A second question concerns the relationship between gender quotas, the representation of women in legislatures, and policy making. Since the mere presence of women in the legislature opens the way for cross-party coalition building, we might ask whether a major shock to representation that increased conservative women’s representation would lead to more woman-friendly legislation even absent a quota. While Weeks engages in structured comparison between countries that had similar representational profiles, but where only one adopted the quota (e.g., Belgium versus Austria, Portugal versus Italy), future scholars might look to compare countries that had major shifts in conservative women’s representation and did not adopt quotas to those that did.
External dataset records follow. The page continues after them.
lemma partial_sum_error_le:
  assumes "N \<le> n"
  shows "opnorm (\<lambda>x m. S x m - polyop a (fcoeff a S) n x m)
    \<le> (1 + sqrt (\<Sum>j. (cmod (a j))\<^sup>2) / cmod (a 0)) * opnorm (\<lambda>x m. S x m - polyop a c N x m)"
proof -
  define K where "K = sqrt (\<Sum>j. (cmod (a j))\<^sup>2) / cmod (a 0)"
  define Q where "Q = (\<lambda>x m. S x m - polyop a c N x m)"
  define d where "d k = (if k \<in> {1..N} then c k else 0) - coeff k" for k
  have K: "0 \<le> K" unfolding K_def using suminf_nonneg[OF square_summable] by simp
  have Q: "bounded_op Q" unfolding Q_def by (rule bounded_op_S_minus_polyop)
  have split: "(\<lambda>m. S x m - polyop a (fcoeff a S) n x m) = (\<lambda>m. Q x m + 1 * polyop a d n x m)" for x
  proof
    fix m
    have "polyop a c N x m = (\<Sum>k=1..n. (if k \<in> {1..N} then c k else 0) * (wshift a ^^ k) x m)"
      unfolding polyop_def using assms by (intro sum.mono_neutral_cong_left) auto
    then show "S x m - polyop a (fcoeff a S) n x m = Q x m + 1 * polyop a d n x m"
      unfolding Q_def polyop_def d_def fcoeff_eq by (simp add: sum_subtractf algebra_simps)
  qed
  have coeffs: "sqrt (\<Sum>k=1..n. (cmod (d k))\<^sup>2 * (cmod (shift_weight a k 0))\<^sup>2) \<le> opnorm Q"
    unfolding Q_def d_def by (rule coeff_diff_L2_le)
  have "l2norm (\<lambda>m. S x m - polyop a (fcoeff a S) n x m) \<le> ((1 + K) * opnorm Q) * l2norm x"
    if x: "x \<in> l2" for x
  proof -
    have "l2norm (\<lambda>m. S x m - polyop a (fcoeff a S) n x m) \<le> l2norm (Q x) + l2norm (polyop a d n x)"
      unfolding split
      using l2norm_add_scaled_le[OF bounded_op_l2[OF Q x] l2_polyop[OF nonzero decreasing square_summable x],
          of 1 d n]
      by simp
    also have "\<dots> \<le> opnorm Q * l2norm x + K * opnorm Q * l2norm x"
    proof (rule add_mono)
      show "l2norm (Q x) \<le> opnorm Q * l2norm x" by (rule l2norm_le_opnorm[OF Q x])
      have "l2norm (polyop a d n x)
          \<le> K * sqrt (\<Sum>k=1..n. (cmod (d k))\<^sup>2 * (cmod (shift_weight a k 0))\<^sup>2) * l2norm x"
        unfolding K_def by (rule l2norm_polyop_le[OF nonzero decreasing square_summable x])
      also have "\<dots> \<le> K * opnorm Q * l2norm x"
        using coeffs K l2norm_nonneg[OF x] by (intro mult_right_mono mult_left_mono)
      finally show "l2norm (polyop a d n x) \<le> K * opnorm Q * l2norm x" .
    qed
    finally show ?thesis by (simp add: algebra_simps)
  qed
  then show ?thesis
    using opnorm_le[of "\<lambda>x m. S x m - polyop a (fcoeff a S) n x m" "(1 + K) * opnorm Q"]
      K opnorm_nonneg[OF Q] by (simp add: Q_def K_def)
qed

lemma partial_sums_tendsto:
  "(\<lambda>n. opnorm (\<lambda>x m. S x m - polyop a (fcoeff a S) n x m)) \<longlonglongrightarrow> 0"
proof (rule LIMSEQ_I)
  fix e :: real assume e: "e > 0"
  define K where "K = sqrt (\<Sum>j. (cmod (a j))\<^sup>2) / cmod (a 0)"
  have K: "0 \<le> K" unfolding K_def using suminf_nonneg[OF square_summable] by simp
  obtain c N where approx: "opnorm (\<lambda>x m. S x m - polyop a c N x m) < e / (1 + K)"
    using polyop_approx[of "e / (1 + K)"] e K by auto
  have "norm (opnorm (\<lambda>x m. S x m - polyop a (fcoeff a S) n x m) - 0) < e" if "N \<le> n" for n
  proof -
    have "opnorm (\<lambda>x m. S x m - polyop a (fcoeff a S) n x m)
        \<le> (1 + K) * opnorm (\<lambda>x m. S x m - polyop a c N x m)"
      using partial_sum_error_le[OF that] by (simp add: K_def)
    also have "\<dots> < e" using approx K by (simp add: field_simps)
    finally show ?thesis using opnorm_nonneg[OF bounded_op_S_minus_polyop] by simp
  qed
  then show "\<exists>n0. \<forall>n\<ge>n0. norm (opnorm (\<lambda>x m. S x m - polyop a (fcoeff a S) n x m) - 0) < e"
    by blast
qed

end

theorem mainTheorem9:
  fixes a :: "nat \<Rightarrow> complex"
    and S :: "(nat \<Rightarrow> complex) \<Rightarrow> (nat \<Rightarrow> complex)"
  assumes "\<forall>n. a n \<noteq> 0"
    and "\<forall>n. cmod (a (Suc n)) \<le> cmod (a n)"
    and "summable (\<lambda>n. (cmod (a n))\<^sup>2)"
    and "S \<in> alg_T a"
  shows "(\<lambda>n. opnorm (\<lambda>x m. S x m - (\<Sum>k=1..n. fcoeff a S k * (wshift a ^^ k) x m)))
           \<longlonglongrightarrow> 0"
proof -
  interpret weighted_shift_algebra_element a S
    using assms by unfold_locales (auto intro: decseq_SucI)
  show ?thesis
    using partial_sums_tendsto unfolding polyop_def .
qed

end
(* Let $K$ be a field and let $I_A\subset K[x_1,\ldots,x_n]$ be a toric ideal of height $2$. Then $\mathrm{Split}(I_A)=\mu(I_A)$ and $\mathrm{Split}_{\mathrm{rad}}(I_A)=\mathrm{bar}(I_A)$.
   Context: $A=\{{\bf a}_1,\ldots,{\bf a}_n\}\subset\mathbb{Z}^m$ with $\ker_{\mathbb{Z}}(A)\cap\mathbb{N}^n=\{{\bf 0}\}$, where $\ker_{\mathbb{Z}}(A)=\{{\bf u}\in\mathbb{Z}^n\mid\sum u_i{\bf a}_i={\bf 0}\}$; $I_A$ is the kernel of $K[x_1,\ldots,x_n]\to K[t_1^{\pm1},\ldots,t_m^{\pm1}]$, $x_i\mapsto{\bf t}^{{\bf a}_i}$, and its height equals $\dim_{\mathbb{Q}}\ker_{\mathbb{Q}}(A)$. $\mu(I_A)$ is the minimal number of generators of $I_A$. $\mathrm{bar}(I_A)$ is the smallest $t$ such that there exist binomials $B_1,\ldots,B_t\in I_A$ with $I_A=\mathrm{rad}(B_1,\ldots,B_t)$. $\mathrm{Split}(I_A)$ is the smallest integer $s$ such that there exist toric ideals $I_{A_1},\ldots,I_{A_s}\subset K[x_1,\ldots,x_n]$ with $I_A=I_{A_1}+\cdots+I_{A_s}$ and $I_{A_i}\ne I_A$ for all $i$; $\mathrm{Split}_{\mathrm{rad}}(I_A)$ is the smallest integer $r$ such that there exist toric ideals $I_{A_1},\ldots,I_{A_r}\subset K[x_1,\ldots,x_n]$ with $I_A=\mathrm{rad}(I_{A_1}+\cdots+I_{A_r})$ and $I_{A_i}\ne I_A$ for all $i$. *)

theory Defs
  imports Complex_Main "HOL-Library.Poly_Mapping" "HOL-Library.Function_Algebras"
begin

text \<open>K[x_1,...,x_n] is the subring of those
  polynomials only involving the variables 0,...,n-1.\<close>

type_synonym 'a mpoly = "(nat \<Rightarrow>\<^sub>0 nat) \<Rightarrow>\<^sub>0 'a"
This could further drive home the importance of gender salience as opposed to descriptive representation in securing collaboration for gender-equal policy reform.

Third, we might ask whether the set of issues on which women legislators collaborate will narrow or expand as quotas become entrenched in political systems. On the pessimistic side, as memories of the hard-fought battles for the quota recede into the past, new cohorts of women legislators may downplay the importance of the quota for securing their position, decreasing the possibility of collaboration based on gender. Or, if male politicians delegitimate the presence of women as a mere artifact of their power-sharing arrangement, new generations of quota-elected women might feel the need to hew even more to the party line just to prove their mettle. (Although, nota bene, they should not bother: all the studies of post-quota candidate quality show that it is the mediocre male rump that gets sliced off and replaced by a flank of highly skilled women.)

More optimistically, if quotas make gender salient in a variety of arenas within legislatures, future cohorts of women legislators may feel greater authority to speak out on women’s issues, even if they hail from conservative delegations. This might shift the distribution of women’s preferences across parties to be more in line with one another. Over time, the domains of agreement could expand, creating more opportunities for gender-equal legislation. The fact that women in parties across the board continue to support the existence of the quota, even when their parties are not in favor, gives us one inkling that the future may be female.